# Data Cleaning: Scopus Publications

This notebook performs data cleaning and preprocessing on the Scopus publications dataset. The main steps include:

1. Loading and initial data exploration
2. Data cleaning using ScopusDataCleaner class
3. Data quality checks and validation
4. Visualization of cleaned data

## Setup and Imports

In [1]:
import sys

sys.path.append("/Users/jlq293/Projects/Study-1-Bibliometrics")
import pandas as pd
import numpy as np
import json
from src.data_fetching.ScopusDataCleaner import ScopusDataCleaner
import matplotlib.pyplot as plt

# show all columns
pd.set_option("display.max_columns", None)

## Load Raw Data

First, we load the raw Scopus data from the CSV file.

In [2]:
p = "../data/01-raw/scopusnew/final_scopus_results_20250326_081230.csv"
df = pd.read_csv(p)
print(df.shape)


(44444, 37)


## Data Cleaning

We use the ScopusDataCleaner class to perform the following cleaning steps:

1. Drop unnecessary columns
2. Rename columns for consistency
3. Filter publication types
4. Remove duplicates
5. Format dates
6. Create unique author-year combinations

In [3]:
scopus_cleaner = ScopusDataCleaner(df)
scopus_cleaner.drop_columns()
scopus_cleaner.rename_columns()
scopus_cleaner.subset_publication_type()
scopus_cleaner.subset_publication_subtype()
scopus_cleaner.remove_duplicates(column="eid")
scopus_cleaner.remove_duplicates(column="abstract")
scopus_cleaner.remove_missing_abstracts()
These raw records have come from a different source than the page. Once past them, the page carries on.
lemma covering_coord:
  assumes "p \<in> grid n m" "i < n"
  obtains j0 where "j0 < k i" "\<iota> i j0 \<le> p ! i"
proof -
  obtain q where "q \<in> grid n k" "grid_le (grid_map \<iota> q) p"
    using covering assms(1) unfolding upset_def by blast
  then show ?thesis
    using that assms(2) by (auto simp: grid_def grid_le_def grid_map_def)
qed

lemma chain_floor_coord:
  assumes "p \<in> grid n m" "i < n"
  shows "chain_floor (\<iota> i) (k i) (p ! i) < k i"
    and "\<iota> i (chain_floor (\<iota> i) (k i) (p ! i)) \<le> p ! i"
    and "j < k i \<Longrightarrow> \<iota> i j \<le> p ! i \<Longrightarrow> j \<le> chain_floor (\<iota> i) (k i) (p ! i)"
  by (rule covering_coord[OF assms];
      simp add: chain_floor_less[where \<phi>="\<iota> i"] chain_floor_le[where \<phi>="\<iota> i"]
        le_chain_floor[where \<phi>="\<iota> i"])+

lemma grid_floor_eq:
  assumes p: "p \<in> grid n m"
  shows "grid_floor n k \<iota> p = map (\<lambda>i. chain_floor (\<iota> i) (k i) (p ! i)) [0..<n]"
proof -
  let ?f = "map (\<lambda>i. chain_floor (\<iota> i) (k i) (p ! i)) [0..<n]"
  note coord = chain_floor_coord[OF p]
  have lp: "length p = n" using p by (simp add: grid_def)
  have "?f \<in> grid n k" using coord by (simp add: grid_def)
  moreover have "grid_le (grid_map \<iota> ?f) p" using coord lp by (simp add: grid_le_def grid_map_def)
  moreover have "grid_le q ?f" if "q \<in> grid n k" "grid_le (grid_map \<iota> q) p" for q
    using that coord lp by (auto simp: grid_def grid_le_def grid_map_def)
  ultimately show ?thesis
    unfolding grid_floor_def by (intro poset_join_eq_greatest) (auto intro: grid_le_antisym)
qed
scopus_cleaner.date_formater()
scopus_cleaner.unique_auth_year_col()

INFO:src.data.ScopusDataCleaner:Initialized with 44444 rows and 37 columns
INFO:src.data.ScopusDataCleaner:Dropped 12 columns
INFO:src.data.ScopusDataCleaner:Columns renamed successfully
INFO:src.data.ScopusDataCleaner:Removing 600 Book publications
INFO:src.data.ScopusDataCleaner:Removing 238 Book Series publications
INFO:src.data.ScopusDataCleaner:Removing 92 Conference Proceeding publications
INFO:src.data.ScopusDataCleaner:Removing 27 Trade Journal publications
INFO:src.data.ScopusDataCleaner:Remaining publications: 43473
INFO:src.data.ScopusDataCleaner:Removing 757 Conference Paper publications
INFO:src.data.ScopusDataCleaner:Remaining publications: 42716
INFO:src.data.ScopusDataCleaner:Removed 0 duplicates based on eid
INFO:src.data.ScopusDataCleaner:Removed 27 duplicates based on abstract
INFO:src.data.ScopusDataCleaner:Removed 3728 rows with missing abstracts
INFO:src.data.ScopusDataCleaner:Date columns formatted successfully
INFO:src.data.ScopusDataCleaner:Created unique_auth_

## Get Cleaned Data and Removal Log

We retrieve the cleaned dataset and the removal log to track changes made during cleaning.

In [4]:
df = scopus_cleaner.get_dataframe()
print(f"Final shape: {df.shape}")
removal_log = scopus_cleaner.get_removal_log()

Final shape: (38961, 28)


## Save Cleaned Data

Save the cleaned dataset and removal log for future use.

In [7]:
# save df as pkl
p = "../data/02-clean/articles/scopus_cleaned_20250326_081230.pkl"
df.to_pickle(p)

In [8]:
# save removal log as json
p = "../output/descriptive-stats-logs/"
# Saving the dictionary to a JSON file
# Convert numpy types to Python native types
converted_dict = {
    k: (v.item() if isinstance(v, np.generic) else v) for k, v in removal_log.items()
}

# Saving the dictionary to a JSON file
with open(p + "scopus_removal_log_20250326_081230.json", "w") as f:
    json.dump(converted_dict, f)